## What you have to do
Exactly as they appear, reproduce the lines from the one holding "using discrepancy[OF \<open>0" through the last line of the material below.

━━━━━ Information supplied ━━━━━

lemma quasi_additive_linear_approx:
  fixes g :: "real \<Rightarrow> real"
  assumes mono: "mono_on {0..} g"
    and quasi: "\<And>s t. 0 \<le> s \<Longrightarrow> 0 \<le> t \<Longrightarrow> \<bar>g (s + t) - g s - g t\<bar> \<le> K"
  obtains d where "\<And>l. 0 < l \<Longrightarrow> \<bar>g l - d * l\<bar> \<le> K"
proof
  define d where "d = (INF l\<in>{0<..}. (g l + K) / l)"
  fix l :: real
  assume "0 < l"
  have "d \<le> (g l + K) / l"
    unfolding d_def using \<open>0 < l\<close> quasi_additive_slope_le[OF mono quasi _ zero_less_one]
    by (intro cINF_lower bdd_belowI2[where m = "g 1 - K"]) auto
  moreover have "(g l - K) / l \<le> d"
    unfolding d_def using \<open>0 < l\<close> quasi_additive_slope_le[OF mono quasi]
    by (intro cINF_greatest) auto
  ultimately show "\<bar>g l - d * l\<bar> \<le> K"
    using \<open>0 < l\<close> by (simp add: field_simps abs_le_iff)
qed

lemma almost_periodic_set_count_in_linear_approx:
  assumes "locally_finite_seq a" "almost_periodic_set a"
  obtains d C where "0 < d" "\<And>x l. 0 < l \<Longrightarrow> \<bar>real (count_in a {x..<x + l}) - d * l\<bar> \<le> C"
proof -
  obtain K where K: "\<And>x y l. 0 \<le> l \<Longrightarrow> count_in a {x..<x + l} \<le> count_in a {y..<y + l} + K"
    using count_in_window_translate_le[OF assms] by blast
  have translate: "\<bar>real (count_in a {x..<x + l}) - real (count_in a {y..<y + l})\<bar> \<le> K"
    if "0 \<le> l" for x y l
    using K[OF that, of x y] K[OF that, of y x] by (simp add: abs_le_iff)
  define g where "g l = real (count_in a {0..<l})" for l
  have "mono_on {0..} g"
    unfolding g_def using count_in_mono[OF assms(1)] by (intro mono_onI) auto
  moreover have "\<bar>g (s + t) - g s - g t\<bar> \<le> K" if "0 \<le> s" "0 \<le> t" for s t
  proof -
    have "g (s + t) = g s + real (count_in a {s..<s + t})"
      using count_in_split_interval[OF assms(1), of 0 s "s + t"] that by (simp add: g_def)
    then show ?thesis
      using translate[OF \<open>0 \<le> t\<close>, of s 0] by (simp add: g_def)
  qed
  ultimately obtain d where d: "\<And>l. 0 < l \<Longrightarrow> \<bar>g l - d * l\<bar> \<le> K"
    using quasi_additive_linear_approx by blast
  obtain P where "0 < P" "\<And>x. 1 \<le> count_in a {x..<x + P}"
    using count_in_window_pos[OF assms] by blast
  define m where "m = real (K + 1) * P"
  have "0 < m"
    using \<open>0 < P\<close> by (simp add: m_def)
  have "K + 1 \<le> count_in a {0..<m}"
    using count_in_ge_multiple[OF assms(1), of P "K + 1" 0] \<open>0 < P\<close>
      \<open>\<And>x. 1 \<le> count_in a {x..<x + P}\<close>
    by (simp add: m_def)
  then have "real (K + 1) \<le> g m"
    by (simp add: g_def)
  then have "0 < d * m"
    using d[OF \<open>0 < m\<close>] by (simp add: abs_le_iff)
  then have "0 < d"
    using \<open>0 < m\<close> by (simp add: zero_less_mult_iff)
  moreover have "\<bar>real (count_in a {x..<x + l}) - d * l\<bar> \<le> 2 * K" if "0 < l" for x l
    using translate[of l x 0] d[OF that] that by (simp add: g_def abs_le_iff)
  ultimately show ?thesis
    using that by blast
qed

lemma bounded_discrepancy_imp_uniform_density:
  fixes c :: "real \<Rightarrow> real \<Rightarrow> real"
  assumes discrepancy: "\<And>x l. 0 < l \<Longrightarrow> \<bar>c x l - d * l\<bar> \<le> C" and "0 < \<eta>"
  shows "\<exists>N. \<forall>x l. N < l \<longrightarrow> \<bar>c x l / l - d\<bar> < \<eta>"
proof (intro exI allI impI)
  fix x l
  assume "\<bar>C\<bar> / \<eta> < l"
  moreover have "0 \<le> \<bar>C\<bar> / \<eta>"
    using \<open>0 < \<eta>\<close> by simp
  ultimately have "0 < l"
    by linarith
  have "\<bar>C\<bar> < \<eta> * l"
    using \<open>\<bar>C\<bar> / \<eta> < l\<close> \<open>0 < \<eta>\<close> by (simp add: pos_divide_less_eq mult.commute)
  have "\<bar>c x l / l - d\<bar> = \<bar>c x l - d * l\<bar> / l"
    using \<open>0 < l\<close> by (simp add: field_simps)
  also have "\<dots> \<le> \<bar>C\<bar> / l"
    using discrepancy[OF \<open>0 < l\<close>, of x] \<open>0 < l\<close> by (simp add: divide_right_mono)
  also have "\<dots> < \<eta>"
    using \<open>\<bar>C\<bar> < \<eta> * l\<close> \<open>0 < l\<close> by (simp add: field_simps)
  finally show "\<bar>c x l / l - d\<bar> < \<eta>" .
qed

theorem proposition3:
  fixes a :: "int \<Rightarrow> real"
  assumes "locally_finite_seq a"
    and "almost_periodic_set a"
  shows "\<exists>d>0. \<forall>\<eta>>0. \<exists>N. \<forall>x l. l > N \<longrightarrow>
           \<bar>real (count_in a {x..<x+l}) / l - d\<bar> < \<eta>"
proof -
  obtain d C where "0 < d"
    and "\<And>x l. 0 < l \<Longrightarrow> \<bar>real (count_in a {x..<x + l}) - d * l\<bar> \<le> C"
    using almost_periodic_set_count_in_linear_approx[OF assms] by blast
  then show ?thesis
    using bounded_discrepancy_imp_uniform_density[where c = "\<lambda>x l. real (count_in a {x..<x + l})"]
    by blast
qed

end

━━━━━

## Exercise solution
    using discrepancy[OF \<open>0 < l\<close>, of x] \<open>0 < l\<close> by (simp add: divide_right_mono)
  also have "\<dots> < \<eta>"
    using \<open>\<bar>C\<bar> < \<eta> * l\<close> \<open>0 < l\<close> by (simp add: field_simps)
  finally show "\<bar>c x l / l - d\<bar> < \<eta>" .
qed

theorem proposition3:
  fixes a :: "int \<Rightarrow> real"
  assumes "locally_finite_seq a"
    and "almost_periodic_set a"
  shows "\<exists>d>0. \<forall>\<eta>>0. \<exists>N. \<forall>x l. l > N \<longrightarrow>
           \<bar>real (count_in a {x..<x+l}) / l - d\<bar> < \<eta>"
proof -
  obtain d C where "0 < d"
    and "\<And>x l. 0 < l \<Longrightarrow> \<bar>real (count_in a {x..<x + l}) - d * l\<bar> \<le> C"
    using almost_periodic_set_count_in_linear_approx[OF assms] by blast
  then show ?thesis
    using bounded_discrepancy_imp_uniform_density[where c = "\<lambda>x l. real (count_in a {x..<x + l})"]
    by blast
qed

end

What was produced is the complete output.